(* Let $\boldsymbol\eta$ be a standard max-stable process with generator $\mathbf Z$, and let $G(f)=P(\boldsymbol\eta\le f)=\exp(-\|f\|_D)$, $f\in\bar E^-[0,1]$, be its functional distribution function. Then: (i) $G$ is continuous with respect to the sup-norm $\|\cdot\|_\infty$; (ii) for every $f\in\bar E^-[0,1]$ we have $P(\boldsymbol\eta\le f)=P(\boldsymbol\eta<f)$; in particular, the sets $\{g\in\bar C^-[0,1]: g(t)\le f(t)\text{ for all }t\in[0,1]\}$ are continuity sets of the distribution of $\boldsymbol\eta$ on $(\bar C^-[0,1],\|\cdot\|_\infty)$.
   Context: $E[0,1]$: bounded functions on $[0,1]$ with finitely many discontinuities; $\bar E^-[0,1]=\{f\in E[0,1]:f\le 0\}$; $\bar C^-[0,1]=\{f\in C[0,1]:f\le 0\}$. $\boldsymbol\eta\le f$ (resp. $<$) means $\eta_t\le f(t)$ (resp. $<$) for all $t\in[0,1]$. A generator is a process $\mathbf Z$ with continuous nonnegative paths, $\max_t Z_t=m$ a.s. for a constant $m\in[1,\infty)$, and $E(Z_t)=1$ for all $t$; the $D$-norm is $\|f\|_D=E(\sup_{t\in[0,1]}(|f(t)|Z_t))$. A standard max-stable process with generator $\mathbf Z$ is a process with paths in $\bar C^-[0,1]$ that is max-stable (for iid copies $\boldsymbol\eta_i$ and each $n$ there are $a_n>0,b_n\in C[0,1]$ with $\boldsymbol\eta=_D\max_{i\le n}(\boldsymbol\eta_i-b_n)/a_n$), has margins $P(\eta_t\le x)=e^x$, $x\le0$, and satisfies $P(\max_{t\in K_j}\eta_t\le x_j,1\le j\le d)=\exp(-E(\max_j|x_j|\max_{t\in K_j}Z_t))$ for compact $K_j\subset[0,1]$, $x_j\le 0$; equivalently $P(\boldsymbol\eta\le f)=\exp(-\|f\|_D)$ for $f\in\bar E^-[0,1]$. *)

theory Defs
  imports "HOL-Probability.Probability"
begin
lemma lmult_norms_lpoly_iff:
  assumes "sym_poly a D" "sym_poly b q" "sym_poly c p"
  shows "lmult (lmult (lpoly k D) (lstar (lpoly k D))) (lmult (lpoly n q) (lstar (lpoly n q))) =
      lmult (lpoly m p) (lstar (lpoly m p)) \<longleftrightarrow>
    D * pstar D * (q * pstar q) = p * pstar p"
proof -
  have "coeff (D * pstar D * (q * pstar q)) 0 \<noteq> 0"
    using coeff_0_mult_pstar_neq_0 assms(1,2) by (simp only: coeff_mult_0) simp
  then show ?thesis
    using coeff_0_mult_pstar_neq_0[OF assms(3)] sym_poly_norm_quotient_degree[OF assms]
    by (auto simp: lmult_lstar_lpoly lmult_lpoly lpoly_eq_iff)
qed

text \<open>No hypothesis on leval (lpoly n q) z is needed: by lS_lpoly, lS of a symmetric Laurent
  polynomial is a signed power of z, so the division below is never by zero.\<close>

lemma lS_norm_quotient:
  assumes "sym_poly a D" "sym_poly b q" "sym_poly c p" "D * pstar D * (q * pstar q) = p * pstar p"
    and "z \<noteq> 0" "leval (lpoly k D) (inverse z) \<noteq> 0" "leval (lpoly m p) (inverse z) \<noteq> 0"
      "leval (lpoly n q) (inverse z) \<noteq> 0"
  shows "lS (lpoly k D) z = z powi (2 * (k - m + n)) * lS (lpoly m p) z / lS (lpoly n q) z"
proof -
  have "b \<noteq> 0"
    using assms(2) by (auto simp: sym_poly_def)
  have "z powi (2 * (k - m + n)) * z powi (2 * m + int (degree p)) =
      z powi (2 * k + int (degree D)) * z powi (2 * n + int (degree q))"
    using assms(5) sym_poly_norm_quotient_degree[OF assms(1-4)]
    by (simp add: power_int_add[symmetric] algebra_simps)
  then show ?thesis
    using assms \<open>b \<noteq> 0\<close> sym_poly_norm_quotient_sign[OF assms(1-4)]
    by (simp add: lS_lpoly field_simps)
qed

theorem lemma3p17:
  fixes u v :: "int \<Rightarrow> complex"
  assumes "laurent u" and "laurent v"
    and "has_symmetry u" and "has_symmetry v"
    and "u \<noteq> (\<lambda>_. 0)" and "v \<noteq> (\<lambda>_. 0)"
    and "ldvd (lmult v (lstar v)) (lmult u (lstar u))"
  shows "(\<exists>d. laurent d \<and> has_symmetry d \<and>
            lmult (lmult d (lstar d)) (lmult v (lstar v)) = lmult u (lstar u))
       \<and> (\<forall>d. laurent d \<and> has_symmetry d \<and>
            lmult (lmult d (lstar d)) (lmult v (lstar v)) = lmult u (lstar u) \<longrightarrow>
            (\<exists>k::int. \<forall>z::complex. z \<noteq> 0 \<and> leval d (inverse z) \<noteq> 0 \<and>
                 leval u (inverse z) \<noteq> 0 \<and> leval v (inverse z) \<noteq> 0 \<and> leval v z \<noteq> 0 \<longrightarrow>
                 lS d z = z powi (2 * k) * lS u z / lS v z))"
proof -
  obtain m p c where u: "u = lpoly m p" and p: "sym_poly c p"
    using sym_laurent_lpoly_repr assms(1,3,5) by metis
  obtain n q b where v: "v = lpoly n q" and q: "sym_poly b q"
    using sym_laurent_lpoly_repr assms(2,4,6) by metis
  have "q * pstar q dvd p * pstar p"
    using assms(7) coeff_0_mult_pstar_neq_0[OF p] coeff_0_mult_pstar_neq_0[OF q]
    by (simp add: u v lmult_lstar_lpoly ldvd_lpoly_imp_dvd)
  then obtain D a where "sym_poly a D" "D * pstar D * (q * pstar q) = p * pstar p"
    using sym_poly_norm_quotient[OF q p] by blast
  then have "laurent (lpoly 0 D) \<and> has_symmetry (lpoly 0 D) \<and>
      lmult (lmult (lpoly 0 D) (lstar (lpoly 0 D))) (lmult v (lstar v)) = lmult u (lstar u)"
    using p q
    by (auto simp: u v laurent_lpoly has_symmetry_lpoly_iff coeff_0_sym_poly lmult_norms_lpoly_iff)
  moreover have "\<exists>k. \<forall>z. z \<noteq> 0 \<and> leval d (inverse z) \<noteq> 0 \<and> leval u (inverse z) \<noteq> 0 \<and>
      leval v (inverse z) \<noteq> 0 \<and> leval v z \<noteq> 0 \<longrightarrow> lS d z = z powi (2 * k) * lS u z / lS v z"
    if d: "laurent d" "has_symmetry d"
      "lmult (lmult d (lstar d)) (lmult v (lstar v)) = lmult u (lstar u)" for d
  proof -
    have "d \<noteq> (\<lambda>_. 0)"
      using d(3) p unfolding u by (rule lmult_norm_eq_lpoly_norm_imp_nonzero)
    then obtain k D a where "d = lpoly k D" "sym_poly a D"
      using sym_laurent_lpoly_repr d(1,2) by metis
    then show ?thesis
      using d(3) p q lS_norm_quotient
      by (intro exI[of _ "k - m + n"]) (auto simp: u v lmult_norms_lpoly_iff)
  qed
  ultimately show ?thesis
    by blast
qed

end
(* Let $\Omega\subset\mathbb{R}^N$ be a bounded smooth domain and $f$ a Carath\'eodory function satisfying $(f_1)$: for a.e. $x$, $t\mapsto f(x,t)/t$ is increasing on $(0,\infty)$ and decreasing on $(-\infty,0)$, $\alpha(x):=\lim_{t\to0}f(x,t)/t\ge0$ and $\eta(x):=\lim_{|t|\to\infty}f(x,t)/t$ exist a.e. and lie in $L^\infty(\Omega)$; and $(f_2)$: $\lambda_m(\eta)<1<\lambda_1(\alpha)$ for some $m\ge1$. Then $I$ is bounded from below on $\mathcal N$; more precisely $I(u)>0$ for all $u\in\mathcal N$.
   Context: $\|u\|^2=\int_\Omega|\nabla u|^2dx$ on $H_0^1(\Omega)$. For $\theta\in L^\infty(\Omega)$, $\lambda_1(\theta)<\lambda_2(\theta)<\cdots$ are the distinct positive eigenvalues of $-\Delta u=\lambda\theta u$ in $\Omega$, $u=0$ on $\partial\Omega$, with $\lambda_1(0)=\infty$. $F(x,t)=\int_0^tf(x,s)ds$, $I(u)=\frac12\|u\|^2-\int_\Omega F(x,u)dx$, $\mathcal N=\{u\in H_0^1(\Omega)\setminus\{0\}:\|u\|^2=\int_\Omega f(x,u)u\,dx\}$. *)

theory Defs
  imports "HOL-Analysis.Analysis"
begin

coinductive C_inf_on :: "'a::euclidean_space set \<Rightarrow> ('a \<Rightarrow> real) \<Rightarrow> bool" where
  "(\<And>x. x \<in> U \<Longrightarrow> GDERIV f x :> g x) \<Longrightarrow> (\<And>b. b \<in> Basis \<Longrightarrow> C_inf_on U (\<lambda>x. g x \<bullet> b))
   \<Longrightarrow> C_inf_on U f"

definition Cc_inf :: "'a::euclidean_space set \<Rightarrow> ('a \<Rightarrow> real) set" where
  "Cc_inf \<Omega> = {\<phi>. C_inf_on UNIV \<phi> \<and> compact (closure {x. \<phi> x \<noteq> 0})
                  \<and> closure {x. \<phi> x \<noteq> 0} \<subseteq> \<Omega>}"

definition smooth_bounded_domain :: "'a::euclidean_space set \<Rightarrow> bool" where
  "smooth_bounded_domain \<Omega> \<longleftrightarrow> open \<Omega> \<and> connected \<Omega> \<and> bounded \<Omega> \<and> \<Omega> \<noteq> {} \<and>
     (\<forall>p\<in>frontier \<Omega>. \<exists>r>0. \<exists>\<psi>. C_inf_on (ball p r) \<psi> \<and>
        (\<forall>x\<in>ball p r. \<exists>D. GDERIV \<psi> x :> D \<and> D \<noteq> 0) \<and>
        \<Omega> \<inter> ball p r = {x\<in>ball p r. \<psi> x < 0})"

(* H01 \<Omega> u G: u belongs to H_0^1(\<Omega>) (closure of C_c^\<infinity>(\<Omega>) in the H^1 norm)
   and G is its (weak) gradient. *)
definition H01 :: "'a::euclidean_space set \<Rightarrow> ('a \<Rightarrow> real) \<Rightarrow> ('a \<Rightarrow> 'a) \<Rightarrow> bool" where
  "H01 \<Omega> u G \<longleftrightarrow>
     set_borel_measurable lebesgue \<Omega> u \<and> set_integrable lebesgue \<Omega> (\<lambda>x. (u x)\<^sup>2) \<and>
     set_borel_measurable lebesgue \<Omega> G \<and> set_integrable lebesgue \<Omega> (\<lambda>x. (norm (G x))\<^sup>2) \<and>
     (\<exists>\<phi> d\<phi>. (\<forall>k. \<phi> k \<in> Cc_inf \<Omega>) \<and> (\<forall>k x. GDERIV (\<phi> k) x :> d\<phi> k x) \<and>
        (\<lambda>k. \<integral>x\<in>\<Omega>. (\<phi> k x - u x)\<^sup>2 \<partial>lebesgue) \<longlonglongrightarrow> 0 \<and>
        (\<lambda>k. \<integral>x\<in>\<Omega>. (norm (d\<phi> k x - G x))\<^sup>2 \<partial>lebesgue) \<longlonglongrightarrow> 0)"

definition nonzero_on :: "'a::euclidean_space set \<Rightarrow> ('a \<Rightarrow> real) \<Rightarrow> bool" where
  "nonzero_on \<Omega> u \<longleftrightarrow> \<not> (AE x\<in>\<Omega> in lebesgue. u x = 0)"

definition pos_eigenvalues :: "'a::euclidean_space set \<Rightarrow> ('a \<Rightarrow> real) \<Rightarrow> real set" where
  "pos_eigenvalues \<Omega> \<theta> = {l. l > 0 \<and> (\<exists>u G. H01 \<Omega> u G \<and> nonzero_on \<Omega> u \<and>
      (\<forall>v H. H01 \<Omega> v H \<longrightarrow>
         (\<integral>x\<in>\<Omega>. G x \<bullet> H x \<partial>lebesgue) = l * (\<integral>x\<in>\<Omega>. \<theta> x * u x * v x \<partial>lebesgue)))}"

(* lambda_k(\<theta>), k \<ge> 1: the k-th smallest distinct positive eigenvalue; \<infinity> if there is none *)
definition eig :: "'a::euclidean_space set \<Rightarrow> ('a \<Rightarrow> real) \<Rightarrow> nat \<Rightarrow> ereal" where
  "eig \<Omega> \<theta> k =
     (if \<exists>l\<in>pos_eigenvalues \<Omega> \<theta>. finite {\<mu>\<in>pos_eigenvalues \<Omega> \<theta>. \<mu> < l}
                 \<and> card {\<mu>\<in>pos_eigenvalues \<Omega> \<theta>. \<mu> < l} = k - 1
      then ereal (THE l. l \<in> pos_eigenvalues \<Omega> \<theta> \<and> finite {\<mu>\<in>pos_eigenvalues \<Omega> \<theta>. \<mu> < l}
                 \<and> card {\<mu>\<in>pos_eigenvalues \<Omega> \<theta>. \<mu> < l} = k - 1)
      else \<infinity>)"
:::::
Work instructions
Copy each line in the data that holds the word "assms".

Answer to the problem
    using coeff_0_mult_pstar_neq_0 assms(1,2) by (simp only: coeff_mult_0) simp
    using coeff_0_mult_pstar_neq_0[OF assms(3)] sym_poly_norm_quotient_degree[OF assms]
    using assms(2) by (auto simp: sym_poly_def)
    using assms(5) sym_poly_norm_quotient_degree[OF assms(1-4)]
    using assms \<open>b \<noteq> 0\<close> sym_poly_norm_quotient_sign[OF assms(1-4)]
    using sym_laurent_lpoly_repr assms(1,3,5) by metis
    using sym_laurent_lpoly_repr assms(2,4,6) by metis
    using assms(7) coeff_0_mult_pstar_neq_0[OF p] coeff_0_mult_pstar_neq_0[OF q]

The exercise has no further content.